• PROBLEM DETAILS: Reproduce the entries shown below only from the line with "using assms unfolding K_def by simp" down to the line with "using card minor", keeping both end lines and copying each one exactly.

EXERCISE INPUTS Start Marker

theorem corollaryA4:
  fixes M :: "'a measure" and V W :: "nat \<Rightarrow> 'a \<Rightarrow> real"
    and a b mu1 mu2 sigma1 sigma2 gamma1 gamma2 :: real
  assumes "prob_space M"
    and indep: "prob_space.indep_vars M (\<lambda>_. borel) (\<lambda>k. case k of Inl i \<Rightarrow> V i | Inr i \<Rightarrow> W i)
                  (Inl ` {(1::nat)..} \<union> Inr ` {(1::nat)..})"
    and distV: "\<And>i. i \<ge> 1 \<Longrightarrow> distributed M lborel (V i) std_normal_density"
    and distW: "\<And>i. i \<ge> 1 \<Longrightarrow> distributed M lborel (W i) std_normal_density"
    and ab: "0 \<le> a" "a < b" "b \<le> 1"
    and sig: "sigma1 > 0" "sigma2 > 0"
    and gam: "-pi \<le> gamma1" "gamma1 < pi" "-pi \<le> gamma2" "gamma2 < pi"
  defines "X1 \<equiv> \<lambda>i \<omega>. mu1 + sigma1 * (cos gamma1 * V i \<omega> + sin gamma1 * W i \<omega>)"
    and "X2 \<equiv> \<lambda>i \<omega>. mu2 + sigma2 * (cos gamma2 * V i \<omega> + sin gamma2 * W i \<omega>)"
  shows "conv_in_prob M (\<lambda>n \<omega>. trim_mean (\<lambda>i. V i \<omega>) (\<lambda>i. X1 i \<omega>) a b n)
           (mu1 + sigma1 * cos gamma1 * lam 1 a b)
       \<and> conv_in_prob M (\<lambda>n \<omega>. trim_mean (\<lambda>i. V i \<omega>) (\<lambda>i. X2 i \<omega>) a b n)
           (mu2 + sigma2 * cos gamma2 * lam 1 a b)
       \<and> conv_in_prob M (\<lambda>n \<omega>. trim_cov (\<lambda>i. V i \<omega>) (\<lambda>i. X1 i \<omega>) (\<lambda>i. X2 i \<omega>) a b n)
           (sigma1 * sigma2 * (cos gamma1 * cos gamma2 * (lam 2 a b - (lam 1 a b)\<^sup>2)
                               + sin gamma1 * sin gamma2))"
proof -
  interpret trimmed_std_normal_pairs M V W a b
    unfolding trimmed_std_normal_pairs_def trimmed_std_normal_pairs_axioms_def
      std_normal_pairs_def std_normal_pairs_axioms_def
    using assms(1) indep distV distW ab by auto
  have affine: "X1 = (\<lambda>i \<omega>. mu1 + sigma1 * cos gamma1 * V i \<omega> + sigma1 * sin gamma1 * W i \<omega>)"
    "X2 = (\<lambda>i \<omega>. mu2 + sigma2 * cos gamma2 * V i \<omega> + sigma2 * sin gamma2 * W i \<omega>)"
    unfolding X1_def X2_def by (simp_all add: fun_eq_iff algebra_simps)
  have "sigma1 * cos gamma1 * (sigma2 * cos gamma2) * (lam 2 a b - (lam 1 a b)\<^sup>2)
      + sigma1 * sin gamma1 * (sigma2 * sin gamma2)
    = sigma1 * sigma2 * (cos gamma1 * cos gamma2 * (lam 2 a b - (lam 1 a b)\<^sup>2) + sin gamma1 * sin gamma2)"
    by (simp add: algebra_simps)
  then show ?thesis
    using conv_in_prob_trim_mean_affine[of mu1 "sigma1 * cos gamma1" "sigma1 * sin gamma1"]
      conv_in_prob_trim_mean_affine[of mu2 "sigma2 * cos gamma2" "sigma2 * sin gamma2"]
      conv_in_prob_trim_cov_affine[of mu1 "sigma1 * cos gamma1" "sigma1 * sin gamma1"
        mu2 "sigma2 * cos gamma2" "sigma2 * sin gamma2"]
    unfolding affine by (simp add: mult.assoc)
qed

end
lemma exp_convolution_factor:
  "exp_convolution \<tau> lam \<phi> t =
     of_real \<tau> * (exp (of_real (\<tau> * t) * lam) * integral {-1..t} (\<lambda>s. exp (- (of_real (\<tau> * s) * lam)) * \<phi> s))"
proof -
  have "exp (of_real (\<tau> * (t - s)) * lam) = exp (of_real (\<tau> * t) * lam) * exp (- (of_real (\<tau> * s) * lam))" for s
    by (subst exp_add[symmetric]) (simp add: algebra_simps)
  then show ?thesis
    by (simp add: exp_convolution_def mult.assoc Henstock_Kurzweil_Integration.integral_mult_right)
qed

lemma norm_exp_convolution_le:
  assumes tau: "\<tau> > 0" and cont: "continuous_on {-1..1} \<phi>" and t: "t \<in> {-1..1}"
  shows "norm (exp_convolution \<tau> lam \<phi> t) \<le> 2 * \<tau> * zeta (2 * \<tau> * Re lam) * C0norm \<phi>"
proof -
  let ?c = "\<tau> * Re lam" and ?N = "C0norm \<phi>"
  have sub: "{-1..t} \<subseteq> {-1..1}" using t by auto
  have hi: "((\<lambda>s. exp (?c * (t - s)) * ?N) has_integral (t + 1) * zeta (?c * (t + 1)) * ?N) {-1..t}"
    using has_integral_exp_zeta[of "-1" t ?c] t by (intro has_integral_mult_left) auto
  have "norm (integral {-1..t} (\<lambda>s. exp (of_real (\<tau> * (t - s)) * lam) * \<phi> s))
        \<le> integral {-1..t} (\<lambda>s. exp (?c * (t - s)) * ?N)"
  proof (rule integral_norm_bound_integral)
    show "(\<lambda>s. exp (of_real (\<tau> * (t - s)) * lam) * \<phi> s) integrable_on {-1..t}"
      by (intro integrable_continuous_interval continuous_intros continuous_on_subset[OF cont sub])
    show "(\<lambda>s. exp (?c * (t - s)) * ?N) integrable_on {-1..t}" using hi by blast
    fix s assume "s \<in> {-1..t}"
    then have "norm (\<phi> s) \<le> ?N" using norm_le_C0norm[OF cont] sub by auto
    then show "norm (exp (of_real (\<tau> * (t - s)) * lam) * \<phi> s) \<le> exp (?c * (t - s)) * ?N"
      by (simp add: norm_mult norm_exp_eq_Re mult_left_mono mult_ac)
  qed
  also have "\<dots> = (t + 1) * zeta (?c * (t + 1)) * ?N" using integral_unique[OF hi] .
  finally have "norm (exp_convolution \<tau> lam \<phi> t) \<le> \<tau> * (t + 1) * zeta (Re lam * (\<tau> * (t + 1))) * ?N"
    using tau by (simp add: exp_convolution_def norm_mult mult_left_mono mult_ac)
  also have "\<dots> \<le> 2 * \<tau> * zeta (Re lam * (2 * \<tau>)) * ?N"
    using mult_zeta_mult_mono[of "\<tau> * (t + 1)" "2 * \<tau>" "Re lam"] t tau C0norm_nonneg[OF cont]
    by (intro mult_right_mono) (auto simp: mult_ac)
  finally show ?thesis by (simp add: mult_ac)
qed

lemma exp_convolution_has_vector_derivative:
  assumes cont: "continuous_on {-1..1} \<phi>" and t: "t \<in> {-1..1}"
  shows "(exp_convolution \<tau> lam \<phi> has_vector_derivative
           of_real \<tau> * lam * exp_convolution \<tau> lam \<phi> t + of_real \<tau> * \<phi> t) (at t within {-1..1})"
proof -
  define k where "k = (\<lambda>s. exp (- (of_real (\<tau> * s) * lam)) * \<phi> s)"
  define e where "e = (\<lambda>t. exp (of_real (\<tau> * t) * lam))"
  have eq: "exp_convolution \<tau> lam \<phi> = (\<lambda>t. of_real \<tau> * (e t * integral {-1..t} k))"
    unfolding e_def k_def by (rule ext) (rule exp_convolution_factor)
  have dI: "((\<lambda>t. integral {-1..t} k) has_vector_derivative k t) (at t within {-1..1})"
    unfolding k_def by (intro integral_has_vector_derivative continuous_intros cont t)
  have "((\<lambda>t. of_real (\<tau> * t) * lam) has_vector_derivative of_real \<tau> * lam) (at t within {-1..1})"
    by (intro has_vector_derivative_mult_left has_vector_derivative_of_real derivative_eq_intros) auto
  then have de: "(e has_vector_derivative (of_real \<tau> * lam) * e t) (at t within {-1..1})"
    unfolding e_def by (rule field_vector_diff_chain_within[where g = exp, unfolded o_def])
      (auto intro: has_field_derivative_at_within DERIV_exp)
  have "((\<lambda>t. of_real \<tau> * (e t * integral {-1..t} k)) has_vector_derivative
          of_real \<tau> * (e t * k t + (of_real \<tau> * lam) * e t * integral {-1..t} k)) (at t within {-1..1})"
    by (intro has_vector_derivative_mult_right has_vector_derivative_mult dI de)
  moreover have "e t * k t = \<phi> t"
    unfolding e_def k_def by (simp add: exp_minus field_simps)
  ultimately show ?thesis unfolding eq by (simp add: algebra_simps)
qed

fun exp_convolution_derivs :: "real \<Rightarrow> complex \<Rightarrow> (nat \<Rightarrow> real \<Rightarrow> complex) \<Rightarrow> nat \<Rightarrow> real \<Rightarrow> complex" where
  "exp_convolution_derivs \<tau> lam D 0 = exp_convolution \<tau> lam (D 0)"
| "exp_convolution_derivs \<tau> lam D (Suc i) =
     (\<lambda>t. of_real \<tau> * lam * exp_convolution_derivs \<tau> lam D i t + of_real \<tau> * D i t)"

lemma exp_convolution_derivs_eq:
  "exp_convolution_derivs \<tau> lam D n t =
     (of_real \<tau> * lam) ^ n * exp_convolution \<tau> lam (D 0) t
     + of_real \<tau> * (\<Sum>i<n. (of_real \<tau> * lam) ^ i * D (n - 1 - i) t)"
proof (induction n)
  case (Suc n)
  have "(\<Sum>i<Suc n. (of_real \<tau> * lam) ^ i * D (Suc n - 1 - i) t)
       = D n t + (of_real \<tau> * lam) * (\<Sum>i<n. (of_real \<tau> * lam) ^ i * D (n - 1 - i) t)"
    by (simp only: sum.lessThan_Suc_shift) (simp add: sum_distrib_left mult.assoc)
  then show ?case using Suc by (simp add: algebra_simps)
qed simp

lemma exp_convolution_derivs_has_vector_derivative:
  assumes D: "\<And>i t. t \<in> {-1..1} \<Longrightarrow> (D i has_vector_derivative D (Suc i) t) (at t within {-1..1})"
    and t: "t \<in> {-1..1}"
  shows "(exp_convolution_derivs \<tau> lam D i has_vector_derivative exp_convolution_derivs \<tau> lam D (Suc i) t)
           (at t within {-1..1})"
  using t
proof (induction i arbitrary: t)
  case 0
  have "continuous_on {-1..1} (D 0)" using D by (rule continuous_on_vector_derivative)
  then show ?case using exp_convolution_has_vector_derivative[OF _ 0] by simp
next
  case (Suc i)
  have "((\<lambda>t. of_real \<tau> * lam * exp_convolution_derivs \<tau> lam D i t + of_real \<tau> * D i t) has_vector_derivative
          of_real \<tau> * lam * exp_convolution_derivs \<tau> lam D (Suc i) t + of_real \<tau> * D (Suc i) t)
          (at t within {-1..1})"
    by (intro has_vector_derivative_add has_vector_derivative_mult_right Suc.IH Suc.prems D)
  then show ?case by simp
qed

lemma C0norm_exp_convolution_derivs_le:
  assumes tau: "\<tau> > 0"
    and D: "\<And>i t. t \<in> {-1..1} \<Longrightarrow> (D i has_vector_derivative D (Suc i) t) (at t within {-1..1})"
  shows "C0norm (exp_convolution_derivs \<tau> lam D (Suc q))
           \<le> cmod (of_real \<tau> * lam) ^ (q + 1) * (2 * \<tau> * zeta (2 * \<tau> * Re lam)) * C0norm (D 0)
             + \<tau> * (\<Sum>i\<le>q. cmod (of_real \<tau> * lam) ^ i * C0norm (D (q - i)))" (is "_ \<le> ?B")
proof (rule C0norm_le)
  fix t :: real assume t: "t \<in> {-1..1}"
  have contD: "continuous_on {-1..1} (D j)" for j using D by (rule continuous_on_vector_derivative)
  have eq: "exp_convolution_derivs \<tau> lam D (Suc q) t =
          (of_real \<tau> * lam) ^ Suc q * exp_convolution \<tau> lam (D 0) t
          + of_real \<tau> * (\<Sum>i\<le>q. (of_real \<tau> * lam) ^ i * D (q - i) t)"
    by (simp only: exp_convolution_derivs_eq lessThan_Suc_atMost) simp
  have bound1: "norm ((of_real \<tau> * lam) ^ Suc q * exp_convolution \<tau> lam (D 0) t)
        \<le> cmod (of_real \<tau> * lam) ^ (q + 1) * (2 * \<tau> * zeta (2 * \<tau> * Re lam)) * C0norm (D 0)"
    unfolding norm_mult norm_power mult.assoc[of _ "2 * \<tau> * _"]
    by (simp add: mult_left_mono norm_exp_convolution_le[OF tau contD t])
  have bound2: "norm (of_real \<tau> * (\<Sum>i\<le>q. (of_real \<tau> * lam) ^ i * D (q - i) t))
        \<le> \<tau> * (\<Sum>i\<le>q. cmod (of_real \<tau> * lam) ^ i * C0norm (D (q - i)))"
  proof -
    have "norm (\<Sum>i\<le>q. (of_real \<tau> * lam) ^ i * D (q - i) t)
          \<le> (\<Sum>i\<le>q. cmod (of_real \<tau> * lam) ^ i * C0norm (D (q - i)))"
      by (rule order_trans[OF norm_sum sum_mono])
         (simp add: norm_mult norm_power mult_left_mono norm_le_C0norm[OF contD t])
    then show ?thesis using tau by (simp add: norm_mult mult_left_mono)
  qed
  show "norm (exp_convolution_derivs \<tau> lam D (Suc q) t) \<le> ?B"
    unfolding eq by (rule order_trans[OF norm_triangle_ineq add_mono[OF bound1 bound2]])
qed
theorem mainTheorem1:
  fixes n :: nat
  assumes "n \<ge> 1"
  shows "(\<exists>U. real (card (nodes U)) \<le> real n powr (1894/1000) \<and>
            (\<forall>T. binary T \<and> card (nodes T) = n \<longrightarrow> top_minor T U))
       \<and> (\<exists>dec :: bool list \<Rightarrow> bool list \<Rightarrow> bool list.
            \<forall>T. binary T \<and> card (nodes T) = n \<longrightarrow>
              (\<exists>enc :: nat list \<Rightarrow> bool list.
                 inj_on enc (nodes T) \<and>
                 (\<forall>u\<in>nodes T. real (length (enc u)) \<le> of_int \<lceil>(1894/1000) * log 2 (real n)\<rceil>) \<and>
                 (\<forall>u\<in>nodes T. \<forall>v\<in>nodes T. dec (enc u) (enc v) = enc (nca u v))))"
proof -
  define K where "K = nat \<lceil>(1894/1000) * log 2 (real n)\<rceil>"
  obtain U where U: "real (card (nodes U)) \<le> size_bound n" "universal n U"
    using universal_tree[OF assms] by blast
  have size: "real (card (nodes U)) \<le> real n powr (1894/1000)"
    using U(1) size_bound_le_powr by (rule order_trans)
  have minor: "\<forall>T. binary T \<and> card (nodes T) = n \<longrightarrow> top_minor T U"
    using U(2) unfolding universal_def by (auto intro: embeds_imp_top_minor)
  have "real (card (nodes U)) \<le> 2 ^ K"
    using order_trans[OF size powr_le_two_power_ceiling[of "real n" "1894/1000"]] assms
    unfolding K_def by simp
  then have card: "card (nodes U) \<le> 2 ^ K"
    by (metis of_nat_le_iff of_nat_numeral of_nat_power)
  have K: "real K \<le> of_int \<lceil>(1894/1000) * log 2 (real n)\<rceil>"
    using assms unfolding K_def by simp
  have "\<exists>dec :: bool list \<Rightarrow> bool list \<Rightarrow> bool list.
      \<forall>T. binary T \<and> card (nodes T) = n \<longrightarrow>
        (\<exists>enc :: nat list \<Rightarrow> bool list. inj_on enc (nodes T) \<and>
           (\<forall>u\<in>nodes T. real (length (enc u)) \<le> of_int \<lceil>(1894/1000) * log 2 (real n)\<rceil>) \<and>
           (\<forall>u\<in>nodes T. \<forall>v\<in>nodes T. dec (enc u) (enc v) = enc (nca u v)))"
    using card minor K by (rule nca_labeling_of_universal)
  with size minor show ?thesis
    by blast
qed

end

EXERCISE INPUTS End Marker

• ANSWER BELOW:
    using assms unfolding K_def by simp
  have "\<exists>dec :: bool list \<Rightarrow> bool list \<Rightarrow> bool list.
      \<forall>T. binary T \<and> card (nodes T) = n \<longrightarrow>
        (\<exists>enc :: nat list \<Rightarrow> bool list. inj_on enc (nodes T) \<and>
           (\<forall>u\<in>nodes T. real (length (enc u)) \<le> of_int \<lceil>(1894/1000) * log 2 (real n)\<rceil>) \<and>
           (\<forall>u\<in>nodes T. \<forall>v\<in>nodes T. dec (enc u) (enc v) = enc (nca u v)))"
    using card minor K by (rule nca_labeling_of_universal)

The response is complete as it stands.